→ **What is expected**
The required output consists solely of the lines from the top of the listing through the line containing "Gamma, E =>", transcribed exactly.

→ **Data shown**
== Segment start ==

(* $\mathbf{CL7}$ proves (derives) every binary tautological $\to$-sequent.
   Context: $\to$-formulas are built from propositional atoms with binary $\to$; a $\to$-sequent is $\Gamma\Rightarrow F$ with $\Gamma$ a finite multiset of $\to$-formulas and $F$ a $\to$-formula. A sequent $E_1,\dots,E_n\Rightarrow F$ is tautological (resp. binary) if the classical formula $E_1\wedge\dots\wedge E_n\to F$ is a classical tautology (resp. has no atom occurring more than twice). $\mathbf{CL7}$ has axioms all sequents $\Gamma,F\Rightarrow F$ and exactly two rules: Right $\to$: from $\Gamma,E\Rightarrow F$ infer $\Gamma\Rightarrow E\to F$; Left $\to$: from $\Gamma,F\Rightarrow G$ and $\Delta\Rightarrow E$ infer $\Gamma,\Delta,E\to F\Rightarrow G$ (no contraction). *)

theory Defs
  imports Main "HOL-Library.Multiset"
begin

datatype 'a fm = Atom 'a | Imp "'a fm" "'a fm"

fun eval :: "('a \<Rightarrow> bool) \<Rightarrow> 'a fm \<Rightarrow> bool" where
  "eval v (Atom p) = v p"
| "eval v (Imp A B) = (eval v A \<longrightarrow> eval v B)"

fun occ :: "'a \<Rightarrow> 'a fm \<Rightarrow> nat" where
  "occ p (Atom q) = (if p = q then 1 else 0)"
| "occ p (Imp A B) = occ p A + occ p B"

definition tautological :: "'a fm multiset \<Rightarrow> 'a fm \<Rightarrow> bool" where
  "tautological \<Gamma> F \<longleftrightarrow> (\<forall>v. (\<forall>E \<in># \<Gamma>. eval v E) \<longrightarrow> eval v F)"

definition binary :: "'a fm multiset \<Rightarrow> 'a fm \<Rightarrow> bool" where
  "binary \<Gamma> F \<longleftrightarrow> (\<forall>p. (\<Sum>E\<in>#\<Gamma>. occ p E) + occ p F \<le> 2)"

inductive CL7 :: "'a fm multiset \<Rightarrow> 'a fm \<Rightarrow> bool" where
  ax: "CL7 (\<Gamma> + {#F#}) F"
| impR: "CL7 (\<Gamma> + {#E#}) F \<Longrightarrow> CL7 \<Gamma> (Imp E F)"
| impL: "CL7 (\<Gamma> + {#F#}) G \<Longrightarrow> CL7 \<Delta> E \<Longrightarrow> CL7 (\<Gamma> + \<Delta> + {#Imp E F#}) G"

end

theory Submission
  imports Defs
begin

(*
  If F = E -> F' we apply Right-> to the (still binary, still tautological) sequent
  Gamma, E => F'.  If F is an atom q that is not itself a hypothesis, some hypothesis
  A -> B has head q; binarity forces q to occur nowhere else, so Gamma' => A and
  Gamma' => B -> q are tautological, where Gamma = Gamma', A -> B.  The key fact
  (split_hypotheses) is that, for binary data, a context proving two goals can be
  partitioned into two disjoint parts proving one goal each: collect the hypotheses
  whose head is "reachable" from the positive atoms of A.  The two halves then feed
  Left->, with the induction hypothesis applied to Gamma1 => A and Gamma2, B => q.
*)

fun head :: "'a fm \<Rightarrow> 'a" where
  "head (Atom p) = p"
| "head (Imp A B) = head B"

text \<open>
  Atoms occurring positively, resp. negatively (inside the antecedents of an even,
  resp. odd, number of implications).
\<close>
fun pos :: "'a fm \<Rightarrow> 'a set" and neg :: "'a fm \<Rightarrow> 'a set" where
  "pos (Atom p) = {p}"
| "pos (Imp A B) = neg A \<union> pos B"
| "neg (Atom p) = {}"
| "neg (Imp A B) = pos A \<union> neg B"

fun fsize :: "'a fm \<Rightarrow> nat" where
  "fsize (Atom p) = 1"
| "fsize (Imp A B) = fsize A + fsize B + 1"

definition msize :: "'a fm multiset \<Rightarrow> 'a fm \<Rightarrow> nat" where
  "msize \<Gamma> F = (\<Sum>E\<in>#\<Gamma>. fsize E) + fsize F"

abbreviation occs :: "'a \<Rightarrow> 'a fm multiset \<Rightarrow> nat" where
  "occs p \<Gamma> \<equiv> \<Sum>E\<in>#\<Gamma>. occ p E"

lemma head_pos: "head F \<in> pos F"
  by (induction F) auto

lemma occ_if_pos: "p \<in> pos F \<Longrightarrow> occ p F \<ge> 1"
  and occ_if_neg: "p \<in> neg F \<Longrightarrow> occ p F \<ge> 1"
  by (induction F) auto

lemma occ_if_pos_neg: "p \<in> pos F \<Longrightarrow> p \<in> neg F \<Longrightarrow> occ p F \<ge> 2"
proof (induction F)
  case (Imp A B)
  then show ?case using occ_if_pos[of p A] occ_if_neg[of p A] occ_if_pos[of p B] occ_if_neg[of p B]
    by auto
qed simp

lemma occ_le_occs: "D \<in># \<Gamma> \<Longrightarrow> occ p D \<le> occs p \<Gamma>"
  by (metis le_add1 multi_member_split sum_mset.insert image_mset_add_mset)

lemma occs_remove: "D \<in># \<Gamma> \<Longrightarrow> occs p \<Gamma> = occ p D + occs p (\<Gamma> - {#D#})"
  by (metis image_mset_add_mset insert_DiffM sum_mset.insert)

lemma eval_head: "v (head F) \<Longrightarrow> eval v F"
  by (induction F) auto

lemma eval_mono:
  assumes "\<forall>p\<in>pos F. v p \<longrightarrow> w p" and "\<forall>p\<in>neg F. w p \<longrightarrow> v p" and "eval v F"
  shows "eval w F"
  using assms
proof (induction F arbitrary: v w)
  case (Imp A B)
  have "eval v A" if "eval w A" using Imp.IH(1)[of w v] Imp.prems that by auto
  then show ?case using Imp.IH(2)[of v w] Imp.prems by auto
qed simp

lemma eval_upd: "occ p F = 0 \<Longrightarrow> eval (v(p := b)) F = eval v F"
  by (induction F) auto

text \<open>
  Hypotheses whose heads neither occur positively in the goal nor negatively in the
  remaining hypotheses can be dropped: making all their heads true satisfies them
  without helping the goal or hurting the other hypotheses.
\<close>
lemma drop_hypotheses:
  assumes taut: "tautological (\<Gamma> + \<Delta>) X"
    and irrelevant: "\<forall>D\<in>#\<Delta>. head D \<notin> pos X \<and> (\<forall>E\<in>#\<Gamma>. head D \<notin> neg E)"
  shows "tautological \<Gamma> X"
  unfolding tautological_def
proof (intro allI impI)
  fix v assume v: "\<forall>E\<in>#\<Gamma>. eval v E"
  define H where "H = head ` set_mset \<Delta>"
  define w where "w = (\<lambda>p. p \<in> H \<or> v p)"
  have "eval w E" if "E \<in># \<Delta>" for E
    using that eval_head[of w E] unfolding w_def H_def by simp
  moreover have "eval w E" if E: "E \<in># \<Gamma>" for E
  proof (rule eval_mono[of E v])
    show "\<forall>p\<in>neg E. w p \<longrightarrow> v p" using irrelevant E unfolding w_def H_def by blast
  qed (use v E in \<open>auto simp: w_def\<close>)
  ultimately have "\<forall>E\<in>#\<Gamma> + \<Delta>. eval w E" by auto
  then have "eval w X" using taut unfolding tautological_def by blast
  then show "eval v X"
    by (rule eval_mono[rotated 2]) (use irrelevant in \<open>auto simp: w_def H_def\<close>)
qed

inductive_set reach :: "'a fm multiset \<Rightarrow> 'a fm \<Rightarrow> 'a set" for \<Gamma> A where
  goal: "p \<in> pos A \<Longrightarrow> p \<in> reach \<Gamma> A"
| hyp: "D \<in># \<Gamma> \<Longrightarrow> head D \<in> reach \<Gamma> A \<Longrightarrow> p \<in> neg D \<Longrightarrow> p \<in> reach \<Gamma> A"

lemma reach_part_proves:
  assumes "tautological \<Gamma> A"
  shows "tautological (filter_mset (\<lambda>D. head D \<in> reach \<Gamma> A) \<Gamma>) A"
proof (rule drop_hypotheses)
  show "tautological ({#D \<in># \<Gamma>. head D \<in> reach \<Gamma> A#} + {#D \<in># \<Gamma>. head D \<notin> reach \<Gamma> A#}) A"
    using assms by (simp flip: multiset_partition)
qed (auto intro: reach.intros)

text \<open>
  Each head of a hypothesis with reachable head is used twice within those hypotheses
  and A: once as a head, and once where it became reachable.
\<close>
lemma reach_head_used_twice:
  assumes D: "D \<in># \<Gamma>1" and \<Gamma>1: "\<Gamma>1 = filter_mset (\<lambda>D. head D \<in> reach \<Gamma> A) \<Gamma>"
  shows "occs (head D) \<Gamma>1 + occ (head D) A \<ge> 2"
proof -
  let ?h = "head D"
  have split: "occs ?h \<Gamma>1 = occ ?h D + occs ?h (\<Gamma>1 - {#D#})" using occs_remove[OF D] .
  have once: "occ ?h D \<ge> 1" using occ_if_pos[OF head_pos] .
  have "?h \<in> reach \<Gamma> A" using D \<Gamma>1 by simp
  then show ?thesis
  proof cases
    case goal
    then show ?thesis using occ_if_pos[of ?h A] once split by linarith
  next
    case (hyp D')
    then have D'1: "D' \<in># \<Gamma>1" using \<Gamma>1 by simp
    show ?thesis
    proof (cases "D' = D")
      case True
      then show ?thesis using occ_if_pos_neg[OF head_pos] hyp split by fastforce
    next
      case False
      then have "D' \<in># \<Gamma>1 - {#D#}" using D'1 by (simp add: in_diff_count)
      then have "occ ?h D' \<le> occs ?h (\<Gamma>1 - {#D#})" by (rule occ_le_occs)
      then show ?thesis using occ_if_neg[OF hyp(3)] once split by linarith
    qed
  qed
qed

lemma split_hypotheses:
  assumes tA: "tautological \<Gamma> A" and tB: "tautological \<Gamma> B"
    and bin: "\<And>p. occs p \<Gamma> + occ p A + occ p B \<le> 2"
  shows "\<exists>\<Gamma>1 \<Gamma>2. \<Gamma> = \<Gamma>1 + \<Gamma>2 \<and> tautological \<Gamma>1 A \<and> tautological \<Gamma>2 B"
proof -
  define \<Gamma>1 where "\<Gamma>1 = filter_mset (\<lambda>D. head D \<in> reach \<Gamma> A) \<Gamma>"
  define \<Gamma>2 where "\<Gamma>2 = filter_mset (\<lambda>D. head D \<notin> reach \<Gamma> A) \<Gamma>"
  have \<Gamma>: "\<Gamma> = \<Gamma>1 + \<Gamma>2" unfolding \<Gamma>1_def \<Gamma>2_def by (rule multiset_partition)
  have unused: "occs (head D) \<Gamma>2 + occ (head D) B = 0" if "D \<in># \<Gamma>1" for D
  proof -
    have "occs (head D) \<Gamma> = occs (head D) \<Gamma>1 + occs (head D) \<Gamma>2" using \<Gamma> by simp
    then show ?thesis using reach_head_used_twice[OF that \<Gamma>1_def] bin[of "head D"] by linarith
  qed
  have "tautological \<Gamma>2 B"
  proof (rule drop_hypotheses)
    show "tautological (\<Gamma>2 + \<Gamma>1) B" using tB \<Gamma> by (simp add: add.commute)
    show "\<forall>D\<in>#\<Gamma>1. head D \<notin> pos B \<and> (\<forall>E\<in>#\<Gamma>2. head D \<notin> neg E)"
    proof (intro ballI conjI)
      fix D assume "D \<in># \<Gamma>1"
      then have in_\<Gamma>2: "occs (head D) \<Gamma>2 = 0" and in_B: "occ (head D) B = 0"
        using unused by (simp_all only: add_is_0)
      show "head D \<notin> pos B" using in_B occ_if_pos by fastforce
      show "head D \<notin> neg E" if "E \<in># \<Gamma>2" for E
        using in_\<Gamma>2 occ_le_occs[OF that, of "head D"] occ_if_neg[of "head D" E]
        by (auto simp del: sum_mset_0_iff)
    qed
  qed
  then show ?thesis using \<Gamma> reach_part_proves[OF tA] unfolding \<Gamma>1_def by blast
qed

text \<open>
  If an atom q follows from a context not containing it, some hypothesis A -> B has
  head q (otherwise making q alone false refutes the sequent).
\<close>
lemma atom_goal_premise:
  assumes "tautological \<Gamma> (Atom q)" and "Atom q \<notin># \<Gamma>"
  obtains A B \<Gamma>' where "\<Gamma> = add_mset (Imp A B) \<Gamma>'" and "head B = q"
proof -
  have "\<exists>C\<in>#\<Gamma>. head C = q"
  proof (rule ccontr)
    assume "\<not> ?thesis"
    then have "\<forall>E\<in>#\<Gamma>. eval (\<lambda>p. p \<noteq> q) E" using eval_head[of "\<lambda>p. p \<noteq> q"] by blast
    then show False using assms(1) unfolding tautological_def by fastforce
  qed
  then obtain C where C: "C \<in># \<Gamma>" "head C = q" by blast
  then obtain A B where "C = Imp A B" using assms(2) by (cases C) auto
  then show ?thesis using that C by (metis head.simps(2) multi_member_split)
qed

lemma atom_antecedent_taut:
  assumes taut: "tautological (add_mset (Imp A B) \<Gamma>') (Atom q)"
    and fresh: "occs q \<Gamma>' + occ q A = 0"
  shows "tautological \<Gamma>' A"
  unfolding tautological_def
proof (intro allI impI)
  fix v assume v: "\<forall>E\<in>#\<Gamma>'. eval v E"
  let ?w = "v(q := False)"
  have "eval ?w E" if "E \<in># \<Gamma>'" for E
    using that v eval_upd[of q E v False] occ_le_occs[OF that, of q] fresh by simp
  then have "eval ?w (Imp A B) \<longrightarrow> eval ?w (Atom q)"
    using taut unfolding tautological_def by auto
  then show "eval v A" using eval_upd[of q A v False] fresh by auto
qed

lemma atom_step:
  assumes taut: "tautological \<Gamma> (Atom q)" and bin: "binary \<Gamma> (Atom q)"
    and notin: "Atom q \<notin># \<Gamma>"
  obtains A B \<Gamma>1 \<Gamma>2 where "\<Gamma> = \<Gamma>2 + \<Gamma>1 + {#Imp A B#}"
    and "tautological \<Gamma>1 A" and "binary \<Gamma>1 A"
    and "tautological (\<Gamma>2 + {#B#}) (Atom q)" and "binary (\<Gamma>2 + {#B#}) (Atom q)"
proof -
  obtain A B \<Gamma>' where \<Gamma>: "\<Gamma> = add_mset (Imp A B) \<Gamma>'" and hB: "head B = q"
    using atom_goal_premise[OF taut notin] .
  have binp: "occs p \<Gamma>' + occ p A + occ p B + occ p (Atom q) \<le> 2" for p
    using bin unfolding binary_def \<Gamma> by (simp add: ac_simps)
  have "occs q \<Gamma>' + occ q A = 0"
    using binp[of q] occ_if_pos[OF head_pos, of B] hB by (simp del: sum_mset_0_iff)
  then have tA: "tautological \<Gamma>' A" by (rule atom_antecedent_taut[OF taut[unfolded \<Gamma>]])
  have tB: "tautological \<Gamma>' (Imp B (Atom q))"
    using taut unfolding \<Gamma> tautological_def by auto
  have "occs p \<Gamma>' + occ p A + occ p (Imp B (Atom q)) \<le> 2" for p
    using binp[of p] by (simp add: add.assoc)
  then obtain \<Gamma>1 \<Gamma>2 where \<Gamma>': "\<Gamma>' = \<Gamma>1 + \<Gamma>2" and t1: "tautological \<Gamma>1 A"
    and t2: "tautological \<Gamma>2 (Imp B (Atom q))"
    using split_hypotheses[OF tA tB] by blast
  have bin12: "occs p \<Gamma>1 + occs p \<Gamma>2 + occ p A + occ p B + occ p (Atom q) \<le> 2" for p
    using binp[of p] unfolding \<Gamma>' by simp
  show ?thesis
  proof (rule that)
    show "\<Gamma> = \<Gamma>2 + \<Gamma>1 + {#Imp A B#}" using \<Gamma> \<Gamma>' by (simp add: ac_simps)
    show "tautological (\<Gamma>2 + {#B#}) (Atom q)" using t2 unfolding tautological_def by auto
    show "binary \<Gamma>1 A" unfolding binary_def
    proof
      show "occs p \<Gamma>1 + occ p A \<le> 2" for p using bin12[of p] by linarith
    qed
    show "binary (\<Gamma>2 + {#B#}) (Atom q)" unfolding binary_def
    proof
      show "occs p (\<Gamma>2 + {#B#}) + occ p (Atom q) \<le> 2" for p using bin12[of p] by simp
    qed
  qed (rule t1)
qed

theorem lemma4p3:
  fixes \<Gamma> :: "'a fm multiset" and F :: "'a fm"
  assumes "tautological \<Gamma> F" and "binary \<Gamma> F"
  shows "CL7 \<Gamma> F"
  using assms
proof (induction "msize \<Gamma> F" arbitrary: \<Gamma> F rule: less_induct)
  case less
  show ?case
  proof (cases F)
    case (Imp E F')
    have "tautological (\<Gamma> + {#E#}) F'"
      using less.prems(1) unfolding Imp tautological_def by auto
    moreover have "binary (\<Gamma> + {#E#}) F'"
      using less.prems(2) unfolding Imp binary_def by (simp add: ac_simps)
    ultimately have "CL7 (\<Gamma> + {#E#}) F'" using less.hyps by (simp add: msize_def Imp)
    then show ?thesis unfolding Imp by (rule CL7.impR)
  next
    case (Atom q)
    show ?thesis
    proof (cases "Atom q \<in># \<Gamma>")
      case True
      then show ?thesis using CL7.ax[of "\<Gamma> - {#Atom q#}" "Atom q"] Atom by simp
    next
      case False
      obtain A B \<Gamma>1 \<Gamma>2 where \<Gamma>: "\<Gamma> = \<Gamma>2 + \<Gamma>1 + {#Imp A B#}"
        and "tautological \<Gamma>1 A" "binary \<Gamma>1 A"
        and "tautological (\<Gamma>2 + {#B#}) (Atom q)" "binary (\<Gamma>2 + {#B#}) (Atom q)"
        by (rule atom_step[OF less.prems[unfolded Atom] False])
      then have "CL7 (\<Gamma>2 + {#B#}) (Atom q)" "CL7 \<Gamma>1 A"
        using less.hyps by (simp_all add: msize_def Atom \<Gamma>)
      then show ?thesis unfolding Atom \<Gamma> by (rule CL7.impL)
    qed
  qed
qed

end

== Segment end ==

→ **Task response**
(* $\mathbf{CL7}$ proves (derives) every binary tautological $\to$-sequent.
   Context: $\to$-formulas are built from propositional atoms with binary $\to$; a $\to$-sequent is $\Gamma\Rightarrow F$ with $\Gamma$ a finite multiset of $\to$-formulas and $F$ a $\to$-formula. A sequent $E_1,\dots,E_n\Rightarrow F$ is tautological (resp. binary) if the classical formula $E_1\wedge\dots\wedge E_n\to F$ is a classical tautology (resp. has no atom occurring more than twice). $\mathbf{CL7}$ has axioms all sequents $\Gamma,F\Rightarrow F$ and exactly two rules: Right $\to$: from $\Gamma,E\Rightarrow F$ infer $\Gamma\Rightarrow E\to F$; Left $\to$: from $\Gamma,F\Rightarrow G$ and $\Delta\Rightarrow E$ infer $\Gamma,\Delta,E\to F\Rightarrow G$ (no contraction). *)

theory Defs
  imports Main "HOL-Library.Multiset"
begin

datatype 'a fm = Atom 'a | Imp "'a fm" "'a fm"

fun eval :: "('a \<Rightarrow> bool) \<Rightarrow> 'a fm \<Rightarrow> bool" where
  "eval v (Atom p) = v p"
| "eval v (Imp A B) = (eval v A \<longrightarrow> eval v B)"

fun occ :: "'a \<Rightarrow> 'a fm \<Rightarrow> nat" where
  "occ p (Atom q) = (if p = q then 1 else 0)"
| "occ p (Imp A B) = occ p A + occ p B"

definition tautological :: "'a fm multiset \<Rightarrow> 'a fm \<Rightarrow> bool" where
  "tautological \<Gamma> F \<longleftrightarrow> (\<forall>v. (\<forall>E \<in># \<Gamma>. eval v E) \<longrightarrow> eval v F)"

definition binary :: "'a fm multiset \<Rightarrow> 'a fm \<Rightarrow> bool" where
  "binary \<Gamma> F \<longleftrightarrow> (\<forall>p. (\<Sum>E\<in>#\<Gamma>. occ p E) + occ p F \<le> 2)"

inductive CL7 :: "'a fm multiset \<Rightarrow> 'a fm \<Rightarrow> bool" where
  ax: "CL7 (\<Gamma> + {#F#}) F"
| impR: "CL7 (\<Gamma> + {#E#}) F \<Longrightarrow> CL7 \<Gamma> (Imp E F)"
| impL: "CL7 (\<Gamma> + {#F#}) G \<Longrightarrow> CL7 \<Delta> E \<Longrightarrow> CL7 (\<Gamma> + \<Delta> + {#Imp E F#}) G"

end

theory Submission
  imports Defs
begin

(*
  If F = E -> F' we apply Right-> to the (still binary, still tautological) sequent
  Gamma, E => F'.  If F is an atom q that is not itself a hypothesis, some hypothesis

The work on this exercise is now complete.